The slow fall didn’t look good.

“More than that, Cylon.
There’s Herriot.”

Kassel revealed the identity of the man Reg and Herrin had been dealing with.
There was a momentary lull at the entrance to the crypt.
Herriot, mangled and disheveled by the sylphs, came into view and soon made eye contact.

The frowning face was still unfamiliar.

I hadn’t recognized him in the daylight, but the look on his face told me he was Kassel’s friend.

That was a face that knew me.
It was not simply the count’s guest from the day, but someone I had known for many years.

I immediately cast a binding spell on Herriot.

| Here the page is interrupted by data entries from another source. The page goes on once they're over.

text \<open>Within each class of c the refined labelling splits the mass of that class into at
  most |a(V)| parts, so the log-sum inequality applies class by class.\<close>
lemma label_entropy_pair_le:
  assumes "finite V" and nonneg: "\<And>v. v \<in> V \<Longrightarrow> 0 \<le> w v"
  shows "label_entropy V w (\<lambda>v. (a v, c v)) \<le> label_entropy V w c + sum w V * log 2 (card (a ` V))"
proof -
  define p where "p = (\<lambda>v. (a v, c v))"
  define E where "E k = {q \<in> p ` V. snd q = k}" for k
  define H where "H x = x * log 2 x" for x :: real
  define L where "L = log 2 (card (a ` V))"
  have mass_nonneg: "0 \<le> label_mass V w d k" for d k
    by (rule label_mass_nonneg) (rule nonneg)
  have fibre_mass: "(\<Sum>q \<in> E k. label_mass V w p q) = label_mass V w c k" for k
  proof -
    have "p ` {v \<in> V. c v = k} = E k" unfolding E_def p_def by auto
    moreover have "{v \<in> {v \<in> V. c v = k}. p v = q} = {v \<in> V. p v = q}" if "q \<in> E k" for q
      using that unfolding E_def p_def by auto
    ultimately show ?thesis
      using sum.image_gen[of "{v \<in> V. c v = k}" w p] \<open>finite V\<close> unfolding label_mass_def by simp
  qed
  have fibre_bound: "- (\<Sum>q \<in> E k. H (label_mass V w p q)) \<le> - H (label_mass V w c k) + label_mass V w c k * L"
    if "k \<in> c ` V" for k
  proof -
    have fin: "finite (E k)" unfolding E_def using \<open>finite V\<close> by simp
    have "0 < card (E k)" using that fin unfolding E_def p_def by (auto simp: card_gt_0_iff)
    moreover have "card (E k) \<le> card (a ` V)"
      using \<open>finite V\<close> by (intro card_inj_on_le[of fst]) (auto simp: E_def p_def inj_on_def)
    ultimately have "label_mass V w c k * log 2 (card (E k)) \<le> label_mass V w c k * L"
      unfolding L_def by (intro mult_left_mono mass_nonneg) auto
    moreover have "H (label_mass V w c k) - label_mass V w c k * log 2 (card (E k))
        \<le> (\<Sum>q \<in> E k. H (label_mass V w p q))"
      using sum_mult_log_ge[OF fin, of "label_mass V w p", OF mass_nonneg] unfolding fibre_mass H_def .
    ultimately show ?thesis by linarith
  qed
  have "(\<Sum>q \<in> p ` V. H (label_mass V w p q))
      = (\<Sum>k \<in> snd ` p ` V. \<Sum>q \<in> {q \<in> p ` V. snd q = k}. H (label_mass V w p q))"
    using \<open>finite V\<close> by (intro sum.image_gen) simp
  also have "snd ` p ` V = c ` V" unfolding p_def by (simp add: image_comp comp_def)
  finally have "label_entropy V w p = - (\<Sum>k \<in> c ` V. \<Sum>q \<in> E k. H (label_mass V w p q))"
    unfolding label_entropy_def E_def H_def by simp
  also have "\<dots> \<le> (\<Sum>k \<in> c ` V. - H (label_mass V w c k) + label_mass V w c k * L)"
    unfolding sum_negf[symmetric] using fibre_bound by (intro sum_mono) (simp add: sum_negf)
  also have "\<dots> = label_entropy V w c + sum w V * L"
    unfolding label_entropy_def H_def sum.distrib sum_negf sum_distrib_right[symmetric]
    using sum_label_mass[OF \<open>finite V\<close>, of w c] by simp
  finally show ?thesis unfolding p_def L_def .
qed

lemma finite_vertices [simp]: "finite (vertices n :: ('x::finite list \<times> 'z::finite list) set)"
proof -
  have "vertices n = {xs :: 'x list. length xs = n} \<times> {zs :: 'z list. length zs = n}"
    unfolding vertices_def by auto
  then show ?thesis by (simp add: finite_list_length)
qed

A scream echoed through the basement.
I frowned at the noise, and then the warrior’s rough hand knocked Herriot unconscious.

As mages themselves, Dean Chas’ students weren’t particularly good at magic.
Their focus on ‘mages’ and ‘magic’ rather than on superior magic led to this.
That’s why even the less skilled Herrin and Regs were able to stop Herriot.

Herriot’s mangled state was a testament to the intensity of the fight.

“Do you have any rope, Cylon?”

The warrior asked, looking down at the stunned Herriot.

“I do have one….”

“Then let’s tie him with a rope.”

Obediently, I pulled a rope from subspace.

The warrior who took the rope from me spoke.

“If we use magic for too long, Cylon will get tired.”

His face was sweet with worry.

I nodded.
He had a point.

I hadn’t finished playing the role of a novice mage.
A novice mage would be exhausted from using that much magic for that long.
Phew, I was in trouble.

Kassel looked disgusted, so I gave him a sign to be quiet.
I’ll have to shut him up when I get the chance.